Alright, so to start off with, I took the number of my rows/columns of each atlas (for this example, the dirt atlas) and then divided it by the full UV scale (which is 1). So you’d have 1/3 = .3333, and you set your initial texcoord node U and V values to that.


The forums are refusing to let me embed any photos at all

So to proceed, we need to imagine our atlas as a grid that has specific coordinates that we need to get to.

To manage this, you need to add 0, .3333 or .6666 in whichever direction you’re wanting to go, and since we set our texcoord uv values to .3333, that means that one of the images on our atlas will be the default state.

My numbers may be wrong there as I’m doing that from memory, but that is the general idea of it.

So to implement this into the BP tool, I passed in the parameters used to add our values to the initial textcoord node.

This is the setup to do that and I set up one of these functions for each cell on the grid.
After that, it just boils down to having a function that contains a sequence node that hooks up to each UV function with an exposed boolean so that the designer can pick the texture they want to use.

That about covers it for the basics of this system, which we used in one more area of the demo.
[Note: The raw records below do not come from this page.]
(* Let $g(x)=-\log|x|$ on $\mathbb{R}^2$. There exist bounded functions $Q_1,Q_2,Q_3\in C^0(\mathbb{R}^2\setminus\{0\})$ such that for every $\varphi\in C^\infty_c(\mathbb{R}^2;\mathbb{R}^2)$ there exist $G_{1,\varphi},G_{2,\varphi},G_{3,\varphi}\in C^0_0(\mathbb{R}^2\times\mathbb{R}^2)$ with $$\nabla g(x-y)\cdot(\varphi(x)-\varphi(y))=Q_1(x-y)G_{1,\varphi}(x,y)+Q_2(x-y)G_{2,\varphi}(x,y)+Q_3(x-y)G_{3,\varphi}(x,y)$$ for all $x\ne y$; the $Q_i$ do not depend on $\varphi$.
   Context: $C^0_0(\mathbb{R}^2\times\mathbb{R}^2)$ denotes continuous functions vanishing at infinity. *)

theory Defs
  imports "HOL-Analysis.Analysis"
begin

definition g_log :: "real^2 \<Rightarrow> real" where
  "g_log x = - ln (norm x)"

definition partial_deriv :: "2 \<Rightarrow> (real^2 \<Rightarrow> real) \<Rightarrow> real^2 \<Rightarrow> real" where
  "partial_deriv i f x = frechet_derivative f (at x) (axis i 1)"

definition grad :: "(real^2 \<Rightarrow> real) \<Rightarrow> real^2 \<Rightarrow> real^2" where
  "grad f x = (\<chi> i. partial_deriv i f x)"

fun Ck :: "nat \<Rightarrow> (real^2 \<Rightarrow> real) \<Rightarrow> bool" where
  "Ck 0 f = continuous_on UNIV f"
| "Ck (Suc k) f = (f differentiable_on UNIV \<and> (\<forall>i. Ck k (partial_deriv i f)))"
There’s a lot of paper scattered around the level, and we needed a lot of variants to choose from…which is why I built the basic system I’ve covered here.

Tool #2: Dynamic Fog Volume (Ground/Ceiling)

HQ gif of the subtle movement the fog can have: https://puu.sh/vy3E8/74e1d0056d.gif

Here’s a really slightly less compressed version of the video:

This one started out with an idea for very simple fog volumes that MetricZero had that involved layering simple plane meshes on them and applying a simple fog material to each one. However, this wasn’t enough, so I decided to take the material as far as I needed.

I couldn’t seem to find the original thread showcasing the stacking method for the meshes, so this image will have to suffice:

It’s very simple and just involves user input on the amount of layers and the distance between each layer.

The material itself is a little more complicated, though:

  1. First, we have world aligned UVs so there’s no visible tiling.
  2. We take time and multiply it by a global scalar parameter.
  3. I made a custom noise inside of Substance Designer (to have control over internal tiling and visual appearance) and then layered 4 instances together, with each having different panning values passed into them.
  4. Color is very simple with a single vector 3 parameter and scalar parameter that are lerped together by the noise chain.
  5. There’s a depth fade that’s lerped with by an inverted version of itself, and that is multiplied by the noise chain before being fed into the color lerp node.
  6. The vertex movement is a bunch of math to simulate ocean wave movement with the addition of being multiplied by the noise’s normal map, and that gets plugged into WPO.
  7. This may be entirely unnecessary, but I ran the noise chain into the two perturb normal nodes and plugged those into the normal slot.

Some thoughts/notes:

  1. This does have hard edges on the planes (you could probably rectify this, but I had no need to do so as our demo was set in a house), but they aren’t that noticeable if you use a reasonable opacity for the fog.
  2. You could very likely replace a baked texture with procedural noise directly inside of UE if you wanted to go that route.

It’s not as complicated as the decals, but I still think that it’s a very nice tool to have around.

fog looks very cool to me !! grats !!
would you mind to share it, so i could use it for my pont & click adventure game, too ??
kind regards
stucki

Congrats on getting a popular streamer to play your game, and like it. Really must be a cool feeling for you too watch.
I like the decor, and the crayon drawings are a cool touch.
Thanks for sharing your system.

@stucki
I can’t share the project files at this time, no. Everything up to the vertex movement is very basic and you should be able to replicate that stuff pretty easily with some effort. You could probably get about with replacing the vertex math with some simple movement based off of some normal maps (I think) manipulation.
@thadkinsjr
Thanks, I appreciate it. The whole team did their best in the timeframe that we had to work in.

Great to see this! Thanks for sharing man.